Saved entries
——

(* Let $V$ be a finite-dimensional real vector space, $\phi\in\mathrm{End}(V)\setminus\{0\}$, $W=\mathrm{im}(\phi)$, and $\mathfrak{g}=\mathfrak{g}_\phi$. A function $\zeta:\mathfrak{g}\to\mathbb{R}$ is a Lie quasi-state with canonical character $\alpha\in V^*$ if and only if there is a function $c:W\to\mathbb{R}$ such that \[\zeta(v,t)=\begin{cases} c(\phi(v)/t)\cdot t+\alpha(v), & t\neq 0,\\ \alpha(v), & t=0.\end{cases}\] The Lie quasi-state so defined is continuous if and only if $c$ is continuous and sublinear (i.e. $c(w)/\|w\|\to 0$ as $w\to\infty$).
   Context: $\mathfrak{g}_\phi$ is the Lie algebra $V\times\mathbb{R}$ with bracket $[(v,s),(w,t)]=(s\phi(w)-t\phi(v),0)$, i.e. $V\rtimes\mathbb{R}$ where the generator $1\in\mathbb{R}$ acts on the abelian ideal $V$ by $\phi$. A Lie quasi-state is $\zeta:\mathfrak{g}\to\mathbb{R}$ with $\zeta(aX+bY)=a\zeta(X)+b\zeta(Y)$ for all $a,b\in\mathbb{R}$ and commuting $X,Y$. The canonical character of $\zeta$ is the linear functional $\zeta_V\in V^*$, $\zeta_V(v)=\zeta(v,0)$. *)

theory Defs
  imports "HOL-Analysis.Analysis"
begin

text \<open>The Lie algebra g_phi = V x R, with V modelled by a finite-dimensional real
normed space (euclidean_space, carrying its unique vector topology).\<close>

definition gphi_bracket :: "('v::euclidean_space \<Rightarrow> 'v) \<Rightarrow> 'v \<times> real \<Rightarrow> 'v \<times> real \<Rightarrow> 'v \<times> real" where
  "gphi_bracket \<phi> X Y = (snd X *\<^sub>R \<phi> (fst Y) - snd Y *\<^sub>R \<phi> (fst X), 0)"

definition gphi_commute :: "('v::euclidean_space \<Rightarrow> 'v) \<Rightarrow> 'v \<times> real \<Rightarrow> 'v \<times> real \<Rightarrow> bool" where
  "gphi_commute \<phi> X Y \<longleftrightarrow> gphi_bracket \<phi> X Y = 0"

definition lie_quasi_state :: "('v::euclidean_space \<Rightarrow> 'v) \<Rightarrow> ('v \<times> real \<Rightarrow> real) \<Rightarrow> bool" where
  "lie_quasi_state \<phi> \<zeta> \<longleftrightarrow>
     (\<forall>X Y a b. gphi_commute \<phi> X Y \<longrightarrow> \<zeta> (a *\<^sub>R X + b *\<^sub>R Y) = a * \<zeta> X + b * \<zeta> Y)"

definition canonical_character :: "('v::euclidean_space \<times> real \<Rightarrow> real) \<Rightarrow> 'v \<Rightarrow> real" where
  "canonical_character \<zeta> = (\<lambda>v. \<zeta> (v, 0))"

definition zeta_of :: "('v::euclidean_space \<Rightarrow> 'v) \<Rightarrow> ('v \<Rightarrow> real) \<Rightarrow> ('v \<Rightarrow> real) \<Rightarrow> 'v \<times> real \<Rightarrow> real" where
  "zeta_of \<phi> c \<alpha> = (\<lambda>(v, t). if t \<noteq> 0 then c (\<phi> v /\<^sub>R t) * t + \<alpha> v else \<alpha> v)"

end

theory Submission
  imports Defs
begin

text \<open>Two elements (v, s), (w, t) of the Lie algebra commute exactly when (\<phi> v, s) and (\<phi> w, t) lie
on a common line through the origin of W \<times> \<real>. A quasi-state is linear on commuting pairs, so it is
homogeneous, and adding k \<in> ker \<phi> to v changes \<zeta>(v, 1) by \<alpha>(k); hence \<zeta>(v, t) = t \<zeta>(v/t, 1)
is determined by \<alpha> and by c(w) = \<zeta>(u, 1) - \<alpha>(u) for any u with \<phi> u = w. Conversely, on each such
line the formula is linear since it equals t c(p) + \<alpha>(v) whenever \<phi> v = t p.

Near t = 0 the
term t c(\<phi> v/t) is bounded by \<epsilon> |\<phi> v| + M |t| for every \<epsilon> > 0 since c is continuous and sublinear.
Conversely, c(w)/|w| is the difference of the values of \<zeta> at two points of a fixed compact set at
distance 1/|w|, so uniform continuity forces it to 0.\<close>

lemma lie_quasi_state_scaleR:
  assumes "lie_quasi_state \<phi> \<zeta>"
  shows "\<zeta> (a *\<^sub>R X) = a * \<zeta> X"
proof -
  have "gphi_commute \<phi> X X"
    by (simp add: gphi_commute_def gphi_bracket_def zero_prod_def)
  with assms have "\<zeta> (a *\<^sub>R X + 0 *\<^sub>R X) = a * \<zeta> X + 0 * \<zeta> X"
    unfolding lie_quasi_state_def by blast
  then show ?thesis by simp
qed

lemma lie_quasi_state_add_kernel:
  assumes "lie_quasi_state \<phi> \<zeta>" and "\<phi> k = 0"
  shows "\<zeta> (u + k, t) = \<zeta> (u, t) + \<zeta> (k, 0)"
proof -
  have "gphi_commute \<phi> (u, t) (k, 0)"
    using assms(2) by (simp add: gphi_commute_def gphi_bracket_def zero_prod_def)
  with assms(1) have "\<zeta> (1 *\<^sub>R (u, t) + 1 *\<^sub>R (k, 0)) = 1 * \<zeta> (u, t) + 1 * \<zeta> (k, 0)"
    unfolding lie_quasi_state_def by blast
  then show ?thesis by simp
qed

lemma linear_right_inverse_on_range:
  fixes \<phi> :: "'v::euclidean_space \<Rightarrow> 'w::euclidean_space"
  assumes "linear \<phi>"
  obtains g where "linear g" and "\<And>v. \<phi> (g (\<phi> v)) = \<phi> v"
  using real_vector.linear_exists_right_inverse_on[OF assms real_vector.subspace_UNIV] by auto

lemma lie_quasi_state_eq_zeta_of:
  fixes \<phi> :: "'v::euclidean_space \<Rightarrow> 'v"
  assumes lin: "linear \<phi>" and la: "linear \<alpha>"
    and q: "lie_quasi_state \<phi> \<zeta>" and cc: "canonical_character \<zeta> = \<alpha>"
    and g: "\<And>v. \<phi> (g (\<phi> v)) = \<phi> v"
  shows "\<zeta> = zeta_of \<phi> (\<lambda>w. \<zeta> (g w, 1) - \<alpha> (g w)) \<alpha>"
proof
  fix p :: "'v \<times> real"
  obtain v t where p: "p = (v, t)" by (cases p)
  define c where "c = (\<lambda>w. \<zeta> (g w, 1) - \<alpha> (g w))"
  have slice0: "\<zeta> (x, 0) = \<alpha> x" for x
    using cc unfolding canonical_character_def by meson
  have slice1: "\<zeta> (u, 1) = c (\<phi> u) + \<alpha> u" for u
  proof -
    have "\<phi> (u - g (\<phi> u)) = 0" using g lin by (simp add: linear_diff)
    then have "\<zeta> (g (\<phi> u) + (u - g (\<phi> u)), 1) = \<zeta> (g (\<phi> u), 1) + \<alpha> (u - g (\<phi> u))"
      by (simp only: lie_quasi_state_add_kernel[OF q] slice0)
    then show ?thesis using la by (simp add: c_def linear_diff)
  qed
  show "\<zeta> p = zeta_of \<phi> c \<alpha> p"
  proof (cases "t = 0")
    case True
    then show ?thesis by (simp add: p zeta_of_def slice0)
  next
    case False
    have "\<zeta> (v, t) = \<zeta> (t *\<^sub>R (v /\<^sub>R t, 1))" using False by simp
    also have "\<dots> = t * \<zeta> (v /\<^sub>R t, 1)" by (rule lie_quasi_state_scaleR[OF q])
    also have "\<dots> = t * (c (\<phi> v /\<^sub>R t) + \<alpha> v / t)"
      using lin la by (simp add: slice1 linear_scale divide_inverse_commute)
    finally show ?thesis using False by (simp add: p zeta_of_def algebra_simps)
  qed
qed

lemma gphi_commute_common_ray:
  assumes "gphi_commute \<phi> (v, s) (w, t)" and "s \<noteq> 0 \<or> t \<noteq> 0"
  obtains p where "\<phi> v = s *\<^sub>R p" and "\<phi> w = t *\<^sub>R p"
proof -
  have com: "s *\<^sub>R \<phi> w = t *\<^sub>R \<phi> v"
    using assms(1) by (simp add: gphi_commute_def gphi_bracket_def zero_prod_def)
  show ?thesis
  proof (cases "s = 0")
    case False
    with com have "\<phi> w = t *\<^sub>R (\<phi> v /\<^sub>R s)"
      by (metis divideR_right scaleR_scaleR mult.commute)
    moreover have "\<phi> v = s *\<^sub>R (\<phi> v /\<^sub>R s)" using False by simp
    ultimately show ?thesis by (rule that[rotated])
  next
    case True
    with assms(2) com have "\<phi> v = s *\<^sub>R (\<phi> w /\<^sub>R t)" by auto
    moreover have "\<phi> w = t *\<^sub>R (\<phi> w /\<^sub>R t)" using True assms(2) by simp
    ultimately show ?thesis by (rule that)
  qed
qed

lemma zeta_of_on_ray:
  assumes "\<phi> v = t *\<^sub>R p"
  shows "zeta_of \<phi> c \<alpha> (v, t) = t * c p + \<alpha> v"
  using assms by (simp add: zeta_of_def)

lemma lie_quasi_state_zeta_of:
  fixes \<phi> :: "'v::euclidean_space \<Rightarrow> 'v"
  assumes lin: "linear \<phi>" and la: "linear \<alpha>"
  shows "lie_quasi_state \<phi> (zeta_of \<phi> c \<alpha>)"
  unfolding lie_quasi_state_def
proof (intro allI impI)
  fix X Y :: "'v \<times> real" and a b :: real
  assume XY: "gphi_commute \<phi> X Y"
  obtain v s w t where X: "X = (v, s)" and Y: "Y = (w, t)" by (cases X, cases Y)
  have \<alpha>_comb: "\<alpha> (a *\<^sub>R v + b *\<^sub>R w) = a * \<alpha> v + b * \<alpha> w"
    using la by (simp add: linear_add linear_scale)
  show "zeta_of \<phi> c \<alpha> (a *\<^sub>R X + b *\<^sub>R Y) = a * zeta_of \<phi> c \<alpha> X + b * zeta_of \<phi> c \<alpha> Y"
  proof (cases "s = 0 \<and> t = 0")
    case True
    then show ?thesis by (simp add: X Y zeta_of_def \<alpha>_comb)
  next
    case False
    then obtain p where pv: "\<phi> v = s *\<^sub>R p" and pw: "\<phi> w = t *\<^sub>R p"
      using gphi_commute_common_ray XY X Y by blast
    have "\<phi> (a *\<^sub>R v + b *\<^sub>R w) = (a * s + b * t) *\<^sub>R p"
      using lin by (simp add: linear_add linear_scale pv pw algebra_simps)
    then show ?thesis
      by (simp add: X Y zeta_of_on_ray[where \<phi>=\<phi>, OF pv] zeta_of_on_ray[where \<phi>=\<phi>, OF pw]
          zeta_of_on_ray \<alpha>_comb algebra_simps)
  qed
qed

lemma canonical_character_zeta_of: "canonical_character (zeta_of \<phi> c \<alpha>) = \<alpha>"
  by (simp add: canonical_character_def zeta_of_def)

lemma sublinear_bound:
  fixes c :: "'a::euclidean_space \<Rightarrow> real"
  assumes "closed S" and "continuous_on S c"
    and "((\<lambda>w. c w / norm w) \<longlongrightarrow> 0) (inf at_infinity (principal S))" and "\<epsilon> > 0"
  obtains M where "\<And>w. w \<in> S \<Longrightarrow> \<bar>c w\<bar> \<le> \<epsilon> * norm w + M"
proof -
  have "\<forall>\<^sub>F w in inf at_infinity (principal S). dist (c w / norm w) 0 < \<epsilon>"
    using assms(3,4) by (rule tendstoD)
  then obtain b where far: "\<And>w. b \<le> norm w \<Longrightarrow> w \<in> S \<Longrightarrow> \<bar>c w / norm w\<bar> < \<epsilon>"
    unfolding eventually_inf_principal eventually_at_infinity dist_real_def by auto
  define R where "R = max b 1"
  have "compact (S \<inter> cball 0 R)" using assms(1) by (intro closed_Int_compact compact_cball)
  moreover have "continuous_on (S \<inter> cball 0 R) c" using assms(2) by (rule continuous_on_subset) auto
  ultimately have "bounded (c ` (S \<inter> cball 0 R))"
    by (intro compact_imp_bounded compact_continuous_image)
  then obtain M where "M > 0" and near: "\<And>w. w \<in> S \<Longrightarrow> norm w \<le> R \<Longrightarrow> \<bar>c w\<bar> \<le> M"
    unfolding bounded_pos by fastforce
  show ?thesis
  proof (rule that)
    fix w assume w: "w \<in> S"
    show "\<bar>c w\<bar> \<le> \<epsilon> * norm w + M"
    proof (cases "norm w \<le> R")
      case True
      then show ?thesis using near[OF w] \<open>\<epsilon> > 0\<close> by (simp add: add_increasing)
    next
      case False
      then have "norm w > 0" "b \<le> norm w" by (auto simp: R_def)
      with far[OF _ w] have "\<bar>c w\<bar> < \<epsilon> * norm w" by (simp add: field_simps)
      then show ?thesis using \<open>M > 0\<close> by simp
    qed
  qed
qed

——

REQUIRED ACTION
Out of the records above, pull each line containing the word "noteq".

EXERCISE ANSWER
  "zeta_of \<phi> c \<alpha> = (\<lambda>(v, t). if t \<noteq> 0 then c (\<phi> v /\<^sub>R t) * t + \<alpha> v else \<alpha> v)"
  assumes "gphi_commute \<phi> (v, s) (w, t)" and "s \<noteq> 0 \<or> t \<noteq> 0"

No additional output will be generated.